Assignment. Below are entries; output exactly the lines from the one with "x y. (\<forall>q<n." to the one with "i t x \<ge>", both included, and nothing else.

(Stored items)
lemma integral_kernel_mult_le:
  assumes t: "t \<in> {0..1}" and section_measurable: "k t \<in> borel_measurable (lebesgue_on {0..1})"
    and F: "\<forall>s\<in>{0..1}. 0 \<le> F s \<and> F s \<le> M"
  shows "integral\<^sup>L (lebesgue_on {0..1}) (\<lambda>s. k t s * F s) \<le> M * K0 k"
proof -
  have "integrable (lebesgue_on {0..1}) (k t)"
    using majorant_integrable section_measurable
  proof (rule Bochner_Integration.integrable_bound)
    show "AE s in lebesgue_on {0..1}. norm (k t s) \<le> norm (\<Phi> s)"
      using kernel_le_majorant AE_space
    proof eventually_elim
      fix s assume "\<forall>t\<in>{0..1}. k t s \<le> \<Phi> s" "s \<in> space (lebesgue_on {0..1})"
      then have "0 \<le> k t s" "k t s \<le> \<Phi> s"
        using kernel_nonneg t by (auto simp: space_restrict_space)
      then show "norm (k t s) \<le> norm (\<Phi> s)"
        by simp
    qed
  qed
  have "0 \<le> M" using F by fastforce
  \<comment> \<open>No measurability of \<open>F\<close> is needed: a non-integrable integrand has integral \<open>0\<close>.\<close>
  have "integral\<^sup>L (lebesgue_on {0..1}) (\<lambda>s. k t s * F s)
      \<le> integral\<^sup>L (lebesgue_on {0..1}) (\<lambda>s. M * k t s)"
    using \<open>integrable _ (k t)\<close> F kernel_nonneg t \<open>0 \<le> M\<close>
    by (intro integral_mono') (auto simp: mult.commute intro: mult_right_mono)
  also have "\<dots> = M * integral\<^sup>L (lebesgue_on {0..1}) (k t)"
    by simp
  also have "\<dots> \<le> M * K0 k"
    using integral_kernel_le_K0[OF t] \<open>0 \<le> M\<close> by (rule mult_left_mono)
  finally show ?thesis .
qed

lemma AE_le_of_nonlocal_integral_equation:
  assumes jointly_measurable: "set_borel_measurable lebesgue ({0..1} \<times> {0..1}) (\<lambda>(t, s). k t s)"
    and F: "\<forall>s\<in>{0..1}. 0 \<le> F s \<and> F s \<le> \<tau> * S" and "0 \<le> lam"
    and nonlocal: "\<forall>t\<in>{0..1}. \<forall>j\<in>J. 0 \<le> \<eta> j \<and> 0 \<le> \<gamma> j t \<and> \<gamma> j t \<le> G j \<and> 0 \<le> H j \<and> H j \<le> \<xi> j * S"
    and w: "\<forall>t\<in>{0..1}. w t = lam * integral\<^sup>L (lebesgue_on {0..1}) (\<lambda>s. k t s * F s)
                                + (\<Sum>j\<in>J. \<eta> j * \<gamma> j t * H j)"
  shows "AE t in lborel. t \<in> {0..1} \<longrightarrow> w t \<le> (lam * \<tau> * K0 k + (\<Sum>j\<in>J. \<eta> j * \<xi> j * G j)) * S"
proof -
  have "AE t in lborel. t \<in> {0..1} \<longrightarrow> k t \<in> borel_measurable (lebesgue_on {0..1})"
    using AE_section_measurable_on[OF jointly_measurable] by simp
  then show ?thesis
  proof (rule eventually_mono, intro impI)
    fix t assume t: "t \<in> {0..1}" and "t \<in> {0..1} \<longrightarrow> k t \<in> borel_measurable (lebesgue_on {0..1})"
    then have "integral\<^sup>L (lebesgue_on {0..1}) (\<lambda>s. k t s * F s) \<le> \<tau> * S * K0 k"
      using integral_kernel_mult_le[OF t _ F] by blast
    then have "lam * integral\<^sup>L (lebesgue_on {0..1}) (\<lambda>s. k t s * F s) \<le> lam * \<tau> * K0 k * S"
      using mult_left_mono[OF _ \<open>0 \<le> lam\<close>] by (fastforce simp: ac_simps)
    moreover have "(\<Sum>j\<in>J. \<eta> j * \<gamma> j t * H j) \<le> (\<Sum>j\<in>J. \<eta> j * \<xi> j * G j) * S"
      using nonlocal t by (intro sum_mult_le_sum_bounds) blast
    ultimately show "w t \<le> (lam * \<tau> * K0 k + (\<Sum>j\<in>J. \<eta> j * \<xi> j * G j)) * S"
      using w t unfolding distrib_right by fastforce
  qed
qed

end

theorem theorem2p5:
  fixes n :: nat and m p :: "nat \<Rightarrow> nat"
    and k :: "nat \<Rightarrow> real \<Rightarrow> real \<Rightarrow> real"
    and \<Phi> :: "nat \<Rightarrow> nat \<Rightarrow> real \<Rightarrow> real"
    and f :: "nat \<Rightarrow> real \<Rightarrow> (nat \<Rightarrow> nat \<Rightarrow> real) \<Rightarrow> real"
    and \<gamma> :: "nat \<Rightarrow> nat \<Rightarrow> real \<Rightarrow> real"
    and lam :: "nat \<Rightarrow> real" and \<eta> :: "nat \<Rightarrow> nat \<Rightarrow> real"
    and h :: "nat \<Rightarrow> nat \<Rightarrow> (nat \<Rightarrow> real \<Rightarrow> real) \<Rightarrow> real"
    and \<tau> :: "nat \<Rightarrow> real" and \<xi> :: "nat \<Rightarrow> nat \<Rightarrow> real"
    and u :: "nat \<Rightarrow> real \<Rightarrow> real"
  assumes n_pos: "n \<ge> 1"
    and m_pos: "\<forall>i<n. m i \<ge> 1"
    and p_pos: "\<forall>i<n. p i \<ge> 1"
    \<comment> \<open>(C1)\<close>
    and C1_meas: "\<forall>i<n. set_borel_measurable lebesgue ({0..1} \<times> {0..1}) (\<lambda>(t, s). k i t s)"
    and C1_nonneg: "\<forall>i<n. \<forall>t\<in>{0..1}. \<forall>s\<in>{0..1}. k i t s \<ge> 0"
    and C1_int: "\<forall>i<n. integrable (lebesgue_on {0..1}) (\<Phi> i 0)"
    and C1_ae: "\<forall>i<n. AE s in lebesgue_on {0..1}.
                  continuous_on {0..1} (\<lambda>t. k i t s) \<and> (\<forall>t\<in>{0..1}. k i t s \<le> \<Phi> i 0 s)"
    \<comment> \<open>(C2), (C3)\<close>
    and C23_meas: "\<forall>i<n. \<forall>l\<in>{1..m i}.
                  set_borel_measurable lebesgue ({0..1} \<times> {0..1}) (\<lambda>(t, s). dern l (\<lambda>r. k i r s) t)"
    and C23_int: "\<forall>i<n. \<forall>l\<in>{1..m i}. integrable (lebesgue_on {0..1}) (\<Phi> i l)"
    and C23_ae: "\<forall>i<n. AE s in lebesgue_on {0..1}.
        (\<forall>j. j + 1 < m i \<longrightarrow> (\<forall>t\<in>{0..1}.
            (dern j (\<lambda>r. k i r s) has_vector_derivative dern (Suc j) (\<lambda>r. k i r s) t) (at t within {0..1})))
      \<and> (\<forall>t\<in>{0..1} - {s}.
            (dern (m i - 1) (\<lambda>r. k i r s) has_vector_derivative dern (m i) (\<lambda>r. k i r s) t) (at t within {0..1}))
      \<and> (\<forall>l\<in>{1..<m i}. continuous_on {0..1} (dern l (\<lambda>r. k i r s))
            \<and> (\<forall>t\<in>{0..1}. \<bar>dern l (\<lambda>r. k i r s) t\<bar> \<le> \<Phi> i l s))
      \<and> continuous_on ({0..1} - {s}) (dern (m i) (\<lambda>r. k i r s))
      \<and> (0 < s \<longrightarrow> (\<exists>a. (dern (m i) (\<lambda>r. k i r s) \<longlongrightarrow> a) (at_left s)))
      \<and> (s < 1 \<longrightarrow> (\<exists>b. (dern (m i) (\<lambda>r. k i r s) \<longlongrightarrow> b) (at_right s)))
      \<and> (\<forall>t\<in>{0..1} - {s}. \<bar>dern (m i) (\<lambda>r. k i r s) t\<bar> \<le> \<Phi> i (m i) s)"
    \<comment> \<open>(C4)\<close>
    and C4_local: "\<forall>i<n. \<forall>t x y. (\<forall>q<n. \<forall>j\<le>m q. x q j = y q j) \<longrightarrow> f i t x = f i t y"
    and C4_nonneg: "\<forall>i<n. \<forall>t\<in>{0..1}. \<forall>x. (\<forall>q<n. x q 0 \<ge> 0) \<longrightarrow> f i t x \<ge> 0"
    and C4_cont: "\<forall>i<n. \<forall>t\<in>{0..1}. \<forall>x. (\<forall>q<n. x q 0 \<ge> 0) \<longrightarrow>
        (\<forall>\<epsilon>>0. \<exists>\<delta>>0. \<forall>t'\<in>{0..1}. \<forall>x'. (\<forall>q<n. x' q 0 \<ge> 0) \<longrightarrow>
            \<bar>t' - t\<bar> < \<delta> \<longrightarrow> (\<forall>q<n. \<forall>j\<le>m q. \<bar>x' q j - x q j\<bar> < \<delta>) \<longrightarrow>
            \<bar>f i t' x' - f i t x\<bar> < \<epsilon>)"
    \<comment> \<open>(C5), (C6)\<close>
    and C5: "\<forall>i<n. \<forall>j<p i. Cm (m i) (\<gamma> i j) \<and> (\<forall>t\<in>{0..1}. \<gamma> i j t \<ge> 0)"
    and C6: "\<forall>i<n. lam i \<ge> 0 \<and> (\<forall>j<p i. \<eta> i j \<ge> 0)"
    \<comment> \<open>(C7)\<close>
    and C7: "\<forall>i<n. spectral_radiusC01 (k i) > 0"
    \<comment> \<open>(C8)\<close>
    and C8_nonneg: "\<forall>i<n. \<forall>j<p i. \<forall>v\<in>coneP n m. h i j v \<ge> 0"
    and C8_cont: "\<forall>i<n. \<forall>j<p i. \<forall>v\<in>coneP n m. \<forall>\<epsilon>>0. \<exists>\<delta>>0. \<forall>w\<in>coneP n m.
        normP n m (\<lambda>q r. w q r - v q r) < \<delta> \<longrightarrow> \<bar>h i j w - h i j v\<bar> < \<epsilon>"
    and C8_bdd: "\<forall>i<n. \<forall>j<p i. \<forall>R. \<exists>B. \<forall>v\<in>coneP n m. normP n m v \<le> R \<longrightarrow> \<bar>h i j v\<bar> \<le> B"
    \<comment> \<open>growth conditions\<close>
    and tau_pos: "\<forall>i<n. \<tau> i > 0"
    and xi_pos: "\<forall>i<n. \<forall>j<p i. \<xi> i j > 0"
    and f_growth: "\<forall>i<n. \<forall>t\<in>{0..1}. \<forall>x. (\<forall>q<n. x q 0 \<ge> 0) \<longrightarrow> f i t x \<le> \<tau> i * x i 0"
    and h_growth: "\<forall>i<n. \<forall>j<p i. \<forall>v\<in>coneP n m. h i j v \<le> \<xi> i j * supn (v i)"
    and small: "Max ((\<lambda>i. lam i * \<tau> i * K0 (k i)
                   + (\<Sum>j<p i. \<eta> i j * \<xi> i j * supn (\<gamma> i j))) ` {..<n}) < 1"
    \<comment> \<open>u is a solution in P\<close>
    and u_in: "u \<in> coneP n m"
    and u_sol: "\<forall>i<n. \<forall>t\<in>{0..1}. u i t =
        lam i * integral\<^sup>L (lebesgue_on {0..1}) (\<lambda>s. k i t s * f i s (\<lambda>q j. dern j (u q) s))
        + (\<Sum>j<p i. \<eta> i j * \<gamma> i j t * h i j u)"
  shows "\<forall>i<n. \<forall>t\<in>{0..1}. u i t = 0"
proof (intro allI impI)
  fix i assume i: "i < n"
  define S where "S = supn (u i)"
  have u_nonneg: "\<forall>q<n. \<forall>s\<in>{0..1}. 0 \<le> u q s" and u_Cm: "Cm (m i) (u i)"
    using u_in i unfolding coneP_def by auto
  have f_bound: "\<forall>s\<in>{0..1}. 0 \<le> f i s (\<lambda>q j. dern j (u q) s) \<and> f i s (\<lambda>q j. dern j (u q) s) \<le> \<tau> i * S"
  proof
    fix s :: real assume s: "s \<in> {0..1}"
    have args_nonneg: "\<forall>q<n. 0 \<le> dern 0 (u q) s"
      using u_nonneg s by simp
    have "\<tau> i * u i s \<le> \<tau> i * S"
      using le_supn_if_Cm[OF u_Cm _ s] m_pos tau_pos i unfolding S_def by (simp add: mult_left_mono)
    then show "0 \<le> f i s (\<lambda>q j. dern j (u q) s) \<and> f i s (\<lambda>q j. dern j (u q) s) \<le> \<tau> i * S"
      using C4_nonneg[rule_format, of i s "\<lambda>q j. dern j (u q) s"]
        f_growth[rule_format, of i s "\<lambda>q j. dern j (u q) s"] i s args_nonneg by simp
  qed
  have "\<forall>t\<in>{0..1}. \<forall>j\<in>{..<p i}. 0 \<le> \<eta> i j \<and> 0 \<le> \<gamma> i j t \<and> \<gamma> i j t \<le> supn (\<gamma> i j)
      \<and> 0 \<le> h i j u \<and> h i j u \<le> \<xi> i j * S"
    using C5 C6 C8_nonneg h_growth u_in i m_pos unfolding S_def by (auto intro: le_supn_if_Cm[of "m i"])
  then have "AE t in lborel. t \<in> {0..1} \<longrightarrow> u i t
      \<le> (lam i * \<tau> i * K0 (k i) + (\<Sum>j<p i. \<eta> i j * \<xi> i j * supn (\<gamma> i j))) * S"
    using C1_nonneg C1_int C1_ae C1_meas C6 u_sol i f_bound
    by (intro AE_le_of_nonlocal_integral_equation[where \<Phi> = "\<Phi> i 0"]) (auto elim: eventually_mono)
  moreover have "lam i * \<tau> i * K0 (k i) + (\<Sum>j<p i. \<eta> i j * \<xi> i j * supn (\<gamma> i j)) < 1"
    using small i by (meson Max_ge finite_imageI finite_lessThan imageI lessThan_iff le_less_trans)
  ultimately show "\<forall>t\<in>{0..1}. u i t = 0"
    using nonneg_eq_0_if_AE_le_contraction Cm_imp_continuous_on[OF u_Cm] u_nonneg m_pos i
    unfolding S_def by blast
qed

Answer to the exercise.
    and C4_local: "\<forall>i<n. \<forall>t x y. (\<forall>q<n. \<forall>j\<le>m q. x q j = y q j) \<longrightarrow> f i t x = f i t y"
    and C4_nonneg: "\<forall>i<n. \<forall>t\<in>{0..1}. \<forall>x. (\<forall>q<n. x q 0 \<ge> 0) \<longrightarrow> f i t x \<ge> 0"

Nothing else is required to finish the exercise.